O impacto das Salmoneloses assusta: a cada 10 carcaças de frangos congelados ou resfriados entre 3 e 5 podem estar contaminadas por bactérias do gênero Salmonella. De acordo com artigo do Centro Avançado de Pesquisa Tecnológica do Agronegócio Avícola (CAPTAA), do Instituto Biológico do Estado de São Paulo, o problema atinge praticamente todos países. No Brasil, segundo o estudo, a incidência de salmoneloses varia de 9,15% a 86,7%, o que evidencia a gravidade para a cadeia de produção avícola. “Quando falamos de Salmoneloses, estamos tratando de em um grupo de bactérias com mais de 2.500 espécies. A importância para a avicultura depende do tipo, mas o problema está aí e deve receber a atenção merecida”, explica a médica-veterinária Eva Hunka, gerente de produtos e serviços técnicos para vacinas da Phibro.

A especialista informa que “as salmonellas tíficas causam doença clínica nas aves e representam um desafio sanitário muito importante nas poedeiras comerciais, porém não causam doenças em humanos. É um problema que atinge diretamente a avicultura por conta de mortalidade, queda na produção de ovos e tratamentos. Já as salmonellas paratificas não provocam doenças nas aves, mas são importantes para a saúde humana. Elas são impactantes para os frangos de corte e para as matrizes. Nesse caso, o prejuízo está relacionado à condenação dos lotes positivos no abatedouro e às restrições à comercialização da carne contaminada.”

A contaminação, infelizmente, ocorre com facilidade.

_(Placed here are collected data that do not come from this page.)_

lemma word_class_syllable_word_Cons:
  assumes g: "g \<in> carrier G" and L: "syllables_closed L"
  shows "word_class (syllable_word ((e, g) # L))
    = stable e \<otimes>\<^bsub>H\<^esub> inc g \<otimes>\<^bsub>H\<^esub> word_class (syllable_word L)"
proof -
  have "word_class (syllable_word ((e, g) # L))
      = stable e \<otimes>\<^bsub>H\<^esub> word_class ((Some g, False) # syllable_word L)"
    using word_class_Cons[of "(None, e)" "(Some g, False) # syllable_word L"] g L syllable_word_words
    by (simp add: stable_def)
  also have "\<dots> = stable e \<otimes>\<^bsub>H\<^esub> (inc g \<otimes>\<^bsub>H\<^esub> word_class (syllable_word L))"
    using word_class_Cons[of "(Some g, False)" "syllable_word L"] g L syllable_word_words
    by (simp add: inc_eq)
  finally show ?thesis
    using g L syllable_word_words by (simp add: H.m_assoc)
qed

lemma word_class_syllable_word_closed [simp]:
  "syllables_closed L \<Longrightarrow> word_class (syllable_word L) \<in> carrier H"
  using syllable_word_words by simp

Por ser um micro-organismo presente em diferentes hospedeiros, inclusive no homem, em materiais e equipamentos e na alimentação, ela pode ocorrer de muitas formas, desde o contato com outros hospedeiros (roedores e insetos, por exemplo) até mesmo por meio de ração contaminada. De acordo com Eva, “um patógeno que tem tantos hospedeiros, tantas espécies e é tão resistente é praticamente impossível de se evitar. É preciso trabalhar em um programa integrado de controle com medidas de biosseguridade, programa de vacinação, controle de roedores e insetos e educação continuada dos trabalhadores, entre outras ações. Estas medidas dificultarão a entrada dos patógenos, mas nada disso é garantia de que o ambiente estará seguro”.

Sobre o tratamento, a gerente de negócios biológicos da Phibro,  explica que “no caso da doença clínica, podemos fazer tratamentos com antibióticos para melhorar os sintomas, porém uma vez positivo o lote é positivo para sempre! No caso das salmonellas paratificas, que não causam doença clínica, o tratamento objetiva reduzir a carga bacteriana no ambiente, mas o lote seguirá positivo por toda a vida. A depender da espécie de salmonellas encontrada, o lote precisa ser abatido. Aves reprodutoras não podem ser positivas para salmonellas tificas.”

Eva Hunka esclarece que “a salmonella é um patógeno muito complexo. Tem muitas espécies e as consequências da contaminação são diferentes, dependendo da espécie de patógeno e/ou do tipo de ave. Não existe fórmula mágica ou única para controlar. É preciso ter um programa de controle integral para minimizar o risco, mas ele não é eliminado.”